(* Let $B$ be a unital $C^*$-algebra with a $*$-isomorphism $\psi:B\to M_n\otimes B$ satisfying $\psi(1)=I_n\otimes1$, and suppose that $A$ is a maximal abelian $*$-subalgebra of $B$ with $\sigma_1(A)\subset A$. Then $\psi_m(A)\subset M_n^{\otimes m}\otimes A$ for all $m\ge0$.
   Context: $M_n=M_n(\mathbb{C})$, identity $I_n$. Define $\psi_0=\mathrm{id}_B$, $\psi_{m+1}=(\mathrm{id}^{\otimes m}\otimes\psi)\circ\psi_m:B\to M_n^{\otimes(m+1)}\otimes B$. With $f(b)=I_n\otimes b$, $\sigma_1=\psi^{-1}\circ f:B\to B$. *)

theory Defs
  imports "HOL-Analysis.Analysis"
begin

class cstar_algebra = banach + real_normed_algebra_1 +
  fixes scaleC :: "complex \<Rightarrow> 'a \<Rightarrow> 'a"
    and cstar :: "'a \<Rightarrow> 'a"
  assumes scaleC_add_right: "scaleC c (x + y) = scaleC c x + scaleC c y"
    and scaleC_add_left: "scaleC (c + d) x = scaleC c x + scaleC d x"
    and scaleC_scaleC: "scaleC c (scaleC d x) = scaleC (c * d) x"
    and scaleC_one: "scaleC 1 x = x"
    and scaleR_scaleC: "scaleR r x = scaleC (complex_of_real r) x"
    and scaleC_mult_left: "scaleC c x * y = scaleC c (x * y)"
    and scaleC_mult_right: "x * scaleC c y = scaleC c (x * y)"
    and norm_scaleC: "norm (scaleC c x) = cmod c * norm x"
    and cstar_cstar: "cstar (cstar x) = x"
    and cstar_add: "cstar (x + y) = cstar x + cstar y"
    and cstar_scaleC: "cstar (scaleC c x) = scaleC (cnj c) (cstar x)"
    and cstar_mult: "cstar (x * y) = cstar y * cstar x"
    and cstar_identity: "norm (cstar x * x) = (norm x)\<^sup>2"

text \<open>Elements of \<open>M_n \<otimes> B = M_n(B)\<close> are represented as functions
  \<open>nat \<Rightarrow> nat \<Rightarrow> 'b\<close> vanishing outside \<open>{0..<n} \<times> {0..<n}\<close>.\<close>

definition mat_carrier :: "nat \<Rightarrow> (nat \<Rightarrow> nat \<Rightarrow> 'b::zero) set" where
  "mat_carrier n = {X. \<forall>i j. (n \<le> i \<or> n \<le> j) \<longrightarrow> X i j = 0}"

definition mat_mult :: "nat \<Rightarrow> (nat \<Rightarrow> nat \<Rightarrow> 'b::semiring_0) \<Rightarrow> (nat \<Rightarrow> nat \<Rightarrow> 'b) \<Rightarrow> nat \<Rightarrow> nat \<Rightarrow> 'b" where
  "mat_mult n X Y = (\<lambda>i j. if i < n \<and> j < n then (\<Sum>k<n. X i k * Y k j) else 0)"

definition mat_star :: "nat \<Rightarrow> (nat \<Rightarrow> nat \<Rightarrow> 'b::cstar_algebra) \<Rightarrow> nat \<Rightarrow> nat \<Rightarrow> 'b" where
  "mat_star n X = (\<lambda>i j. if i < n \<and> j < n then cstar (X j i) else 0)"

definition mat_scaleC :: "complex \<Rightarrow> (nat \<Rightarrow> nat \<Rightarrow> 'b::cstar_algebra) \<Rightarrow> nat \<Rightarrow> nat \<Rightarrow> 'b" where
  "mat_scaleC c X = (\<lambda>i j. scaleC c (X i j))"

text \<open>\<open>f(b) = I_n \<otimes> b\<close>; in particular \<open>I_n \<otimes> 1 = diag_mat n 1\<close>.\<close>
definition diag_mat :: "nat \<Rightarrow> 'b::zero \<Rightarrow> nat \<Rightarrow> nat \<Rightarrow> 'b" where
  "diag_mat n b = (\<lambda>i j. if i < n \<and> j < n \<and> i = j then b else 0)"

definition star_iso_to_mat :: "nat \<Rightarrow> ('b::cstar_algebra \<Rightarrow> nat \<Rightarrow> nat \<Rightarrow> 'b) \<Rightarrow> bool" where
  "star_iso_to_mat n \<psi> \<longleftrightarrow>
     bij_betw \<psi> UNIV (mat_carrier n) \<and>
     (\<forall>x y. \<psi> (x + y) = (\<lambda>i j. \<psi> x i j + \<psi> y i j)) \<and>
     (\<forall>c x. \<psi> (scaleC c x) = mat_scaleC c (\<psi> x)) \<and>
     (\<forall>x y. \<psi> (x * y) = mat_mult n (\<psi> x) (\<psi> y)) \<and>
     (\<forall>x. \<psi> (cstar x) = mat_star n (\<psi> x))"

text \<open>Elements of \<open>M_n^{\<otimes>m} \<otimes> B\<close> are matrices indexed by multi-indices
  (lists of length m with entries < n).  \<open>\<psi>_0 = id\<close>,
  \<open>\<psi>_{m+1} = (id^{\<otimes>m} \<otimes> \<psi>) \<circ> \<psi>_m\<close>: \<psi> is applied to each entry of \<open>\<psi>_m(b)\<close>
  and the new tensor index is appended as the last one.\<close>
fun psi_iter :: "('b \<Rightarrow> nat \<Rightarrow> nat \<Rightarrow> 'b) \<Rightarrow> nat \<Rightarrow> 'b \<Rightarrow> nat list \<Rightarrow> nat list \<Rightarrow> 'b::zero" where
  "psi_iter \<psi> 0 b = (\<lambda>I J. if I = [] \<and> J = [] then b else 0)"
| "psi_iter \<psi> (Suc m) b = (\<lambda>I J.
     if I \<noteq> [] \<and> J \<noteq> [] then \<psi> (psi_iter \<psi> m b (butlast I) (butlast J)) (last I) (last J)
     else 0)"

definition multi_index :: "nat \<Rightarrow> nat \<Rightarrow> nat list set" where
  "multi_index n m = {I. length I = m \<and> (\<forall>k\<in>set I. k < n)}"

definition star_subalgebra :: "'b::cstar_algebra set \<Rightarrow> bool" where
  "star_subalgebra A \<longleftrightarrow> 0 \<in> A \<and> (\<forall>x\<in>A. \<forall>y\<in>A. x + y \<in> A \<and> x * y \<in> A) \<and>
     (\<forall>c. \<forall>x\<in>A. scaleC c x \<in> A) \<and> (\<forall>x\<in>A. cstar x \<in> A)"

definition abelian :: "'b::times set \<Rightarrow> bool" where
  "abelian A \<longleftrightarrow> (\<forall>x\<in>A. \<forall>y\<in>A. x * y = y * x)"

definition maximal_abelian_star_subalgebra :: "'b::cstar_algebra set \<Rightarrow> bool" where
  "maximal_abelian_star_subalgebra A \<longleftrightarrow> star_subalgebra A \<and> abelian A \<and>
     (\<forall>C. star_subalgebra C \<and> abelian C \<and> A \<subseteq> C \<longrightarrow> C = A)"

end

theory Submission
  imports Defs
begin

text \<open>A maximal abelian *-subalgebra \<open>A\<close> is its own relative commutant: an
  element commuting with \<open>A\<close> has self-adjoint real and imaginary parts that
  commute with \<open>A\<close>, and adjoining a self-adjoint element commuting with \<open>A\<close>
  generates an abelian *-subalgebra, which by maximality is \<open>A\<close> itself.
  For \<open>a, b \<in> A\<close> the invariance \<open>\<sigma>\<^sub>1(A) \<subseteq> A\<close> gives \<open>\<psi>(a) \<psi>(\<sigma>\<^sub>1 b) = \<psi>(\<sigma>\<^sub>1 b) \<psi>(a)\<close>
  with \<open>\<psi>(\<sigma>\<^sub>1 b) = I\<^sub>n \<otimes> b\<close>, so every entry of \<open>\<psi>(a)\<close> commutes with \<open>A\<close> and
  lies in \<open>A\<close>; induction on \<open>m\<close> finishes the proof.\<close>

inductive_set star_generated :: "'b::cstar_algebra set \<Rightarrow> 'b set" for S where
  base: "x \<in> S \<Longrightarrow> x \<in> star_generated S"
| zero: "0 \<in> star_generated S"
| add: "x \<in> star_generated S \<Longrightarrow> y \<in> star_generated S \<Longrightarrow> x + y \<in> star_generated S"
| mult: "x \<in> star_generated S \<Longrightarrow> y \<in> star_generated S \<Longrightarrow> x * y \<in> star_generated S"
| scaleC: "x \<in> star_generated S \<Longrightarrow> scaleC c x \<in> star_generated S"
| cstar: "x \<in> star_generated S \<Longrightarrow> cstar x \<in> star_generated S"

lemma star_subalgebra_star_generated: "star_subalgebra (star_generated S)"
  unfolding star_subalgebra_def by (auto intro: star_generated.intros)

lemma cstar_commute:
  fixes x a :: "'b::cstar_algebra"
  assumes "x * cstar a = cstar a * x"
  shows "cstar x * a = a * cstar x"
proof -
  have "cstar x * a = cstar (cstar a * x)" by (simp add: cstar_mult cstar_cstar)
  also have "\<dots> = cstar (x * cstar a)" using assms by simp
  also have "\<dots> = a * cstar x" by (simp add: cstar_mult cstar_cstar)
  finally show ?thesis .
qed

lemma star_generated_commute:
  fixes T :: "'b::cstar_algebra set"
  assumes T_cstar: "\<forall>t\<in>T. cstar t \<in> T"
    and S_commute: "\<forall>s\<in>S. \<forall>t\<in>T. s * t = t * s"
    and "x \<in> star_generated S"
  shows "\<forall>t\<in>T. x * t = t * x"
  using \<open>x \<in> star_generated S\<close>
proof (induction rule: star_generated.induct)
  case (base x)
  then show ?case using S_commute by blast
next
  case zero
  then show ?case by simp
next
  case (add x y)
  then show ?case by (simp add: distrib_left distrib_right)
next
  case (mult x y)
  then show ?case by (metis mult.assoc)
next
  case (scaleC x c)
  then show ?case by (simp add: scaleC_mult_left scaleC_mult_right)
next
  case (cstar x)
  show ?case
  proof
    fix t assume "t \<in> T"
    then have "x * cstar t = cstar t * x" using cstar.IH T_cstar by blast
    then show "cstar x * t = t * cstar x" by (rule cstar_commute)
  qed
qed

lemma abelian_star_generated:
  fixes S :: "'b::cstar_algebra set"
  assumes S_cstar: "\<forall>s\<in>S. cstar s \<in> S"
    and S_commute: "\<forall>s\<in>S. \<forall>t\<in>S. s * t = t * s"
  shows "abelian (star_generated S)"
proof -
  have "\<forall>s\<in>S. \<forall>t\<in>star_generated S. s * t = t * s"
    using star_generated_commute[OF S_cstar S_commute] by auto
  moreover have "\<forall>t\<in>star_generated S. cstar t \<in> star_generated S"
    by (auto intro: star_generated.cstar)
  ultimately show ?thesis
    unfolding abelian_def using star_generated_commute by blast
qed

lemma masa_selfadjoint_commutant:
  fixes A :: "'b::cstar_algebra set"
  assumes masa: "maximal_abelian_star_subalgebra A"
    and h_commute: "\<forall>a\<in>A. h * a = a * h"
    and h_selfadjoint: "cstar h = h"
  shows "h \<in> A"
proof -
  have A: "star_subalgebra A" "abelian A"
    using masa unfolding maximal_abelian_star_subalgebra_def by auto
  have "\<forall>s\<in>insert h A. cstar s \<in> insert h A"
    using A(1) h_selfadjoint unfolding star_subalgebra_def by auto
  moreover have "\<forall>s\<in>insert h A. \<forall>t\<in>insert h A. s * t = t * s"
    using A(2) h_commute unfolding abelian_def by auto
  ultimately have "abelian (star_generated (insert h A))"
    by (rule abelian_star_generated)
  moreover have "A \<subseteq> star_generated (insert h A)"
    by (auto intro: star_generated.base)
  ultimately have "star_generated (insert h A) = A"
    using masa star_subalgebra_star_generated
    unfolding maximal_abelian_star_subalgebra_def by blast
  then show ?thesis by (auto intro: star_generated.base)
qed

lemma scaleC_minus_one: "scaleC (-1) (x::'b::cstar_algebra) = - x"
  by (metis scaleR_scaleC scaleR_minus1_left of_real_1 of_real_minus)

lemma scaleC_minus_left: "scaleC (- c) (x::'b::cstar_algebra) = - scaleC c x"
  by (metis scaleC_minus_one scaleC_scaleC mult_minus1)

lemma scaleC_minus_right: "scaleC c (- (x::'b::cstar_algebra)) = - scaleC c x"
  by (metis scaleC_minus_one scaleC_scaleC mult.commute)

lemma scaleC_diff_right: "scaleC c ((x::'b::cstar_algebra) - y) = scaleC c x - scaleC c y"
  by (metis scaleC_add_right scaleC_minus_right diff_conv_add_uminus)

lemma cstar_diff: "cstar ((x::'b::cstar_algebra) - y) = cstar x - cstar y"
  by (metis cstar_add cstar_scaleC scaleC_minus_one complex_cnj_minus complex_cnj_one
      diff_conv_add_uminus)

lemma masa_commutant:
  fixes A :: "'b::cstar_algebra set"
  assumes masa: "maximal_abelian_star_subalgebra A"
    and x_commute: "\<forall>a\<in>A. x * a = a * x"
  shows "x \<in> A"
proof -
  have A: "star_subalgebra A"
    using masa unfolding maximal_abelian_star_subalgebra_def by auto
  have x_cstar_commute: "\<forall>a\<in>A. cstar x * a = a * cstar x"
  proof
    fix a assume "a \<in> A"
    then have "cstar a \<in> A" using A unfolding star_subalgebra_def by blast
    then show "cstar x * a = a * cstar x" using x_commute cstar_commute by blast
  qed
  define re where "re = x + cstar x"
  define im where "im = scaleC \<i> (cstar x - x)"
  have "re \<in> A"
    using masa_selfadjoint_commutant[OF masa] x_commute x_cstar_commute unfolding re_def
    by (simp add: distrib_left distrib_right cstar_add cstar_cstar add.commute)
  have "im \<in> A"
  proof (rule masa_selfadjoint_commutant[OF masa])
    show "\<forall>a\<in>A. im * a = a * im"
      using x_commute x_cstar_commute unfolding im_def
      by (simp add: left_diff_distrib right_diff_distrib scaleC_mult_left scaleC_mult_right)
    show "cstar im = im"
      unfolding im_def
      by (simp add: cstar_scaleC cstar_diff cstar_cstar scaleC_diff_right scaleC_minus_left)
  qed
  have "re + scaleC \<i> im = x + x"
    unfolding re_def im_def by (simp add: scaleC_scaleC scaleC_diff_right scaleC_minus_left scaleC_one)
  also have "\<dots> = scaleC 2 x"
    by (metis one_add_one scaleC_add_left scaleC_one)
  finally have "x = scaleC (1/2) (re + scaleC \<i> im)"
    by (simp add: scaleC_scaleC scaleC_one)
  moreover have "scaleC (1/2) (re + scaleC \<i> im) \<in> A"
    using A \<open>re \<in> A\<close> \<open>im \<in> A\<close> unfolding star_subalgebra_def by blast
  ultimately show ?thesis by simp
qed

lemma mat_mult_diag_mat_right:
  assumes "i < n" "j < n"
  shows "mat_mult n X (diag_mat n b) i j = X i j * b"
  using assms unfolding mat_mult_def diag_mat_def
  by (simp add: if_distrib[of "\<lambda>t. _ * t"] cong: if_cong)

lemma mat_mult_diag_mat_left:
  assumes "i < n" "j < n"
  shows "mat_mult n (diag_mat n b) X i j = b * X i j"
  using assms unfolding mat_mult_def diag_mat_def
  by (simp add: if_distrib[of "\<lambda>t. t * _"] cong: if_cong)

lemma star_iso_entries_in_masa:
  fixes \<psi> :: "'b::cstar_algebra \<Rightarrow> nat \<Rightarrow> nat \<Rightarrow> 'b"
  assumes iso: "star_iso_to_mat n \<psi>"
    and masa: "maximal_abelian_star_subalgebra A"
    and invariant: "(inv \<psi> \<circ> diag_mat n) ` A \<subseteq> A"
    and "a \<in> A"
  shows "\<psi> a i j \<in> A"
proof (cases "i < n \<and> j < n")
  case False
  have "\<psi> a \<in> mat_carrier n"
    using iso unfolding star_iso_to_mat_def bij_betw_def by auto
  then have "\<psi> a i j = 0" using False unfolding mat_carrier_def by auto
  then show ?thesis
    using masa unfolding maximal_abelian_star_subalgebra_def star_subalgebra_def by simp
next
  case True
  show ?thesis
  proof (rule masa_commutant[OF masa], intro ballI)
    fix b assume "b \<in> A"
    define s where "s = inv \<psi> (diag_mat n b)"
    have "s \<in> A" using invariant \<open>b \<in> A\<close> unfolding s_def by auto
    have "diag_mat n b \<in> mat_carrier n" unfolding mat_carrier_def diag_mat_def by auto
    then have \<psi>_s: "\<psi> s = diag_mat n b"
      using iso unfolding s_def star_iso_to_mat_def by (metis bij_betw_imp_surj_on f_inv_into_f)
    have "a * s = s * a"
      using masa \<open>a \<in> A\<close> \<open>s \<in> A\<close> unfolding maximal_abelian_star_subalgebra_def abelian_def by auto
    then have "mat_mult n (\<psi> a) (diag_mat n b) = mat_mult n (diag_mat n b) (\<psi> a)"
      using iso \<psi>_s unfolding star_iso_to_mat_def by metis
    then show "\<psi> a i j * b = b * \<psi> a i j"
      using True by (metis mat_mult_diag_mat_right mat_mult_diag_mat_left)
  qed
qed

lemma psi_iter_closed:
  assumes "0 \<in> A" and "\<And>a i j. a \<in> A \<Longrightarrow> \<psi> a i j \<in> A" and "a \<in> A"
  shows "psi_iter \<psi> m a I J \<in> A"
  using assms by (induction m arbitrary: I J) simp_all

theorem proposition3p4:
  fixes n :: nat
    and \<psi> :: "'b::cstar_algebra \<Rightarrow> nat \<Rightarrow> nat \<Rightarrow> 'b"
    and A :: "'b set"
  assumes "star_iso_to_mat n \<psi>"
    and "\<psi> 1 = diag_mat n 1"
    and "maximal_abelian_star_subalgebra A"
    and "(inv \<psi> \<circ> diag_mat n) ` A \<subseteq> A"
  shows "\<forall>m. \<forall>a\<in>A. \<forall>I\<in>multi_index n m. \<forall>J\<in>multi_index n m. psi_iter \<psi> m a I J \<in> A"
proof (intro allI ballI)
  fix m a I J assume "a \<in> A"
  have "0 \<in> A"
    using assms(3) unfolding maximal_abelian_star_subalgebra_def star_subalgebra_def by simp
  then show "psi_iter \<psi> m a I J \<in> A"
    using psi_iter_closed star_iso_entries_in_masa[OF assms(1,3,4)] \<open>a \<in> A\<close> by metis
qed

end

====

Exercise description: Where the string "ballI" occurs in a line of the listing, copy the line.

Answer:
  proof (rule masa_commutant[OF masa], intro ballI)
proof (intro allI ballI)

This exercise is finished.